lemma emeasure_lborel_Ioi: "emeasure lborel {a::real<..} = \<infinity>"
proof -
  have lower: "of_nat n \<le> emeasure lborel {a<..}" for n
  proof -
    have "emeasure lborel {a<..<a + real n} \<le> emeasure lborel {a<..}"
      by (intro emeasure_mono) auto
    then show ?thesis by (simp add: ennreal_of_nat_eq_real_of_nat)
  qed
  show ?thesis
  proof (rule ccontr)
    assume "emeasure lborel {a<..} \<noteq> \<infinity>"
    then obtain n where "emeasure lborel {a<..} < of_nat n"
      using ennreal_Ex_less_of_nat by (auto simp: less_top)
    with lower show False by (meson leD)
  qed
qed

lemma one_minus_powr_le:
  fixes y c :: real
  assumes "0 \<le> y" "y \<le> 1" "1 \<le> c"
  shows "1 - y powr c \<le> c * (1 - y)"
proof (cases "0 < y \<and> y < 1")
  case True
  have "\<exists>z>y. z < 1 \<and> 1 powr c - y powr c = (1 - y) * (c * z powr (c - 1))"
    using True by (intro MVT2) (auto intro!: derivative_eq_intros)
  then obtain z where z: "y < z" "z < 1" "1 powr c - y powr c = (1 - y) * (c * z powr (c - 1))"
    by blast
  have "z powr (c - 1) \<le> 1"
    using z True assms by (intro powr_le1) auto
  then have "(1 - y) * (c * z powr (c - 1)) \<le> (1 - y) * c"
    using assms by (intro mult_left_mono) auto
  then show ?thesis
    using z by (simp add: mult_ac)
next
  case False
  with assms have "y = 0 \<or> y = 1"
    by auto
  with assms show ?thesis
    by auto
qed

lemma power_distortion_bounds:
  fixes s c theta :: real
  assumes "0 \<le> s" "s \<le> 1" "1 \<le> c" "0 \<le> theta"
  shows "0 \<le> (1 + theta) * (1 - (1 - s) powr c) \<and> (1 + theta) * (1 - (1 - s) powr c) \<le> (1 + theta) * c * s"
proof -
  have "(1 - s) powr c \<le> 1"
    using assms by (intro powr_le1) auto
  moreover have "1 - (1 - s) powr c \<le> c * s"
    using one_minus_powr_le[of "1 - s" c] assms by simp
  ultimately show ?thesis
    using assms by (simp add: mult.assoc mult_left_mono)
qed

lemma exp_minus_one_le: "exp y - 1 \<le> y * exp (y::real)"
proof -
  have "(1 - y) * exp y \<le> exp (- y) * exp y"
    using exp_ge_add_one_self[of "- y"] by (intro mult_right_mono) auto
  then show ?thesis by (simp add: exp_minus_inverse algebra_simps)
qed

lemma exp_mult_diff_less:
  fixes gamma beta delta p A B :: real
  assumes "0 < gamma" "0 \<le> beta" "0 \<le> delta" "delta \<le> 1" "p \<le> beta * delta"
    and "0 \<le> B" "B \<le> A" and small: "gamma * beta * exp (gamma * beta) * delta * A < B"
  shows "exp (gamma * p) * (A - B) < A"
proof -
  define T where "T = gamma * beta * exp (gamma * beta) * delta"
  have "0 \<le> T"
    using assms by (simp add: T_def)
  have "exp (gamma * p) - 1 \<le> T"
  proof (cases "p \<le> 0")
    case True
    then have "exp (gamma * p) \<le> 1"
      using assms by (simp add: mult_nonneg_nonpos)
    with \<open>0 \<le> T\<close> show ?thesis by linarith
  next
    case False
    have "p \<le> beta"
      using assms mult_left_le[of delta beta] by linarith
    have "exp (gamma * p) - 1 \<le> gamma * p * exp (gamma * p)"
      by (rule exp_minus_one_le)
    also have "\<dots> \<le> gamma * (beta * delta) * exp (gamma * beta)"
      using False assms \<open>p \<le> beta\<close> by (intro mult_mono) auto
    finally show ?thesis
      by (simp add: T_def mult_ac)
  qed
  then have "(exp (gamma * p) - 1) * (A - B) \<le> T * (A - B)"
    using assms by (intro mult_right_mono) auto
  also have "\<dots> \<le> T * A"
    using \<open>0 \<le> T\<close> \<open>0 \<le> B\<close> by (simp add: algebra_simps)
  also have "\<dots> < B"
    using small by (simp add: T_def)
  finally show ?thesis
    by (simp add: algebra_simps)
qed

lemma ex_exp_decay_dominated:
  fixes C D gamma lam :: real
  assumes "0 < gamma" "0 < D"
  shows "\<exists>d\<ge>0. C * exp (- lam * d) < D * exp (- (lam - gamma) * d)"
proof -
  define d where "d = ln (1 + \<bar>C\<bar> / D) / gamma"
  have "0 \<le> d"
    using assms by (simp add: d_def)
  have "exp (gamma * d) = 1 + \<bar>C\<bar> / D"
    using assms by (simp add: d_def add_pos_nonneg)
  then have "C < D * exp (gamma * d)"
    using assms by (simp add: distrib_left)
  then have "C * exp (- lam * d) < D * exp (gamma * d) * exp (- lam * d)"
    by (intro mult_strict_right_mono) auto
  also have "\<dots> = D * exp (- (lam - gamma) * d)"
    by (simp add: mult_exp_exp algebra_simps)
  finally show ?thesis
    using \<open>0 \<le> d\<close> by blast
qed

section \<open>Expected exponential utility\<close>

lemma exponential_utility_eq:
  fixes u :: "real \<Rightarrow> real" and gamma :: real
  assumes "0 < gamma" and u': "\<And>x. (u has_real_derivative exp (- gamma * x)) (at x)"
  shows "u y = u 0 + 1 / gamma - exp (- gamma * y) / gamma"
proof -
  have "((\<lambda>x. u x + exp (- gamma * x) / gamma) has_real_derivative 0) (at x)" for x
    using u'[of x] \<open>0 < gamma\<close> by (auto intro!: derivative_eq_intros)
  then have "u y + exp (- gamma * y) / gamma = u 0 + exp (- gamma * 0) / gamma"
    by (intro DERIV_isconst_all allI)
  then show ?thesis by simp
qed

lemma enn2ereal_diff_eq_of_add_eq:
  fixes P N H :: ennreal and a b :: real
  assumes sum: "P + H + ennreal b = N + ennreal a" and "P \<noteq> \<infinity>" "0 \<le> a" "0 \<le> b"
  shows "enn2ereal P - enn2ereal N = ereal (a - b) - enn2ereal H"
proof (cases "H = \<infinity>")
  case True
  then have "N = \<infinity>" using sum by (metis add_top ennreal_add_eq_top ennreal_neq_top infinity_ennreal_def)
  then show ?thesis using True \<open>P \<noteq> \<infinity>\<close> by (cases P) auto
next
  case False
  then have "N \<noteq> \<infinity>" using sum \<open>P \<noteq> \<infinity>\<close> by (metis ennreal_add_eq_top ennreal_neq_top infinity_ennreal_def)
  then obtain p h n where "P = ennreal p" "H = ennreal h" "N = ennreal n" "0 \<le> p" "0 \<le> h" "0 \<le> n"
    using False \<open>P \<noteq> \<infinity>\<close> by (metis ennreal_cases infinity_ennreal_def)
  moreover from this have "p + h + b = n + a"
    using sum assms by (simp add: ennreal_plus[symmetric] del: ennreal_plus)
  ultimately show ?thesis by (simp add: enn2ereal_ennreal)
qed

lemma expectX_bounded_above:
  fixes q lam a :: real and g :: "real \<Rightarrow> real"
  assumes "0 \<le> q" "0 < lam" and [measurable]: "g \<in> borel_measurable borel"
    and le: "\<And>x. 0 < x \<Longrightarrow> g x \<le> a"
  shows "expectX q lam g = ereal ((1 - q) * g 0 + q * a)
     - enn2ereal (\<integral>\<^sup>+x. indicator {0<..} x * ennreal (q * lam * exp (- lam * x) * (a - g x)) \<partial>lborel)"
proof -
  define \<rho> where "\<rho> x = q * lam * exp (- lam * x)" for x
  have \<rho>_nonneg: "0 \<le> \<rho> x" for x
    using assms by (simp add: \<rho>_def)
  define \<Phi> where "\<Phi> f = (\<integral>\<^sup>+x. indicator {0<..} x * ennreal (\<rho> x * f x) \<partial>lborel)" for f
  have \<Phi>_const: "\<Phi> (\<lambda>_. c) = ennreal (q * c)" if "0 \<le> c" for c
    using nn_integral_exp_Ioi[of lam "q * lam * c" 0] assms that
    by (simp add: \<Phi>_def \<rho>_def mult_ac)
  have \<Phi>_add: "\<Phi> f + \<Phi> h = \<Phi> (\<lambda>x. f x + h x)"
    if "f \<in> borel_measurable borel" "h \<in> borel_measurable borel"
      and "\<And>x. 0 < x \<Longrightarrow> 0 \<le> f x" "\<And>x. 0 < x \<Longrightarrow> 0 \<le> h x" for f h
    unfolding \<Phi>_def using that \<rho>_nonneg by (intro nn_integral_density_add) (auto simp: \<rho>_def)
  \<comment> \<open>Only sums appear below: \<open>?N\<close> and \<open>?H\<close> may both be infinite.\<close>
  let ?P = "\<Phi> (\<lambda>x. max (g x) 0)" and ?N = "\<Phi> (\<lambda>x. max (- g x) 0)" and ?H = "\<Phi> (\<lambda>x. a - g x)"
  have "?P + ?H + ennreal (q * max (- a) 0) = \<Phi> (\<lambda>x. max (g x) 0 + (a - g x) + max (- a) 0)"
    using le by (simp add: \<Phi>_const[symmetric] \<Phi>_add)
  also have "\<dots> = \<Phi> (\<lambda>x. max (- g x) 0 + max a 0)"
    unfolding \<Phi>_def by (intro arg_cong[where f="\<lambda>f. integral\<^sup>N lborel f"] ext) (auto simp: max_def)
  also have "\<dots> = ?N + ennreal (q * max a 0)"
    by (simp add: \<Phi>_const[symmetric] \<Phi>_add)
  finally have sum: "?P + ?H + ennreal (q * max (- a) 0) = ?N + ennreal (q * max a 0)" .
  have "max (g x) 0 \<le> max a 0" if "0 < x" for x
    using le[OF that] by (rule max.mono) simp
  then have "?P \<le> \<Phi> (\<lambda>_. max a 0)"
    unfolding \<Phi>_def using \<rho>_nonneg
    by (intro nn_integral_mono) (auto simp: indicator_def intro!: ennreal_leI mult_left_mono)
  then have "?P \<noteq> \<infinity>"
    using \<Phi>_const[of "max a 0"] by (auto simp: top_unique)
  then obtain p where p: "?P = ennreal p" "0 \<le> p"
    by (cases ?P) auto
  have "expectX q lam g = ereal ((1 - q) * g 0) + enn2ereal ?P - enn2ereal ?N"
    unfolding expectX_def \<Phi>_def \<rho>_def ..
  also have "\<dots> = ereal ((1 - q) * g 0) + (enn2ereal ?P - enn2ereal ?N)"
    unfolding p(1) using p(2) by (cases "enn2ereal ?N") (simp_all add: enn2ereal_ennreal)
  also have "enn2ereal ?P - enn2ereal ?N = ereal (q * max a 0 - q * max (- a) 0) - enn2ereal ?H"
    using enn2ereal_diff_eq_of_add_eq[OF sum \<open>?P \<noteq> \<infinity>\<close>] assms by simp
  also have "q * max a 0 - q * max (- a) 0 = q * a"
    by (simp add: max_def)
  finally show ?thesis
    by (cases "enn2ereal ?H") (simp_all add: \<Phi>_def \<rho>_def)
qed

text \<open>\<open>E[exp (\<gamma> (X - I X)); X > 0]\<close>, the factor through which the indemnity itself
  (as opposed to its premium) enters the expected exponential utility.\<close>

definition retained_exp_moment :: "real \<Rightarrow> real \<Rightarrow> real \<Rightarrow> (real \<Rightarrow> real) \<Rightarrow> ennreal" where
  "retained_exp_moment q lam gamma I =
     (\<integral>\<^sup>+x. indicator {0<..} x * ennreal (q * lam * exp (- lam * x) * exp (gamma * (x - I x))) \<partial>lborel)"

#### EXERCISE:
All lines above from the one holding "using assms by (simp add: \<rho>_def)" to the one holding "by (simp add: \<Phi>_def", inclusive, are to be copied exactly; no other line is wanted.

#### TASK SOLUTION:
    using assms by (simp add: \<rho>_def)
  define \<Phi> where "\<Phi> f = (\<integral>\<^sup>+x. indicator {0<..} x * ennreal (\<rho> x * f x) \<partial>lborel)" for f
  have \<Phi>_const: "\<Phi> (\<lambda>_. c) = ennreal (q * c)" if "0 \<le> c" for c
    using nn_integral_exp_Ioi[of lam "q * lam * c" 0] assms that
    by (simp add: \<Phi>_def \<rho>_def mult_ac)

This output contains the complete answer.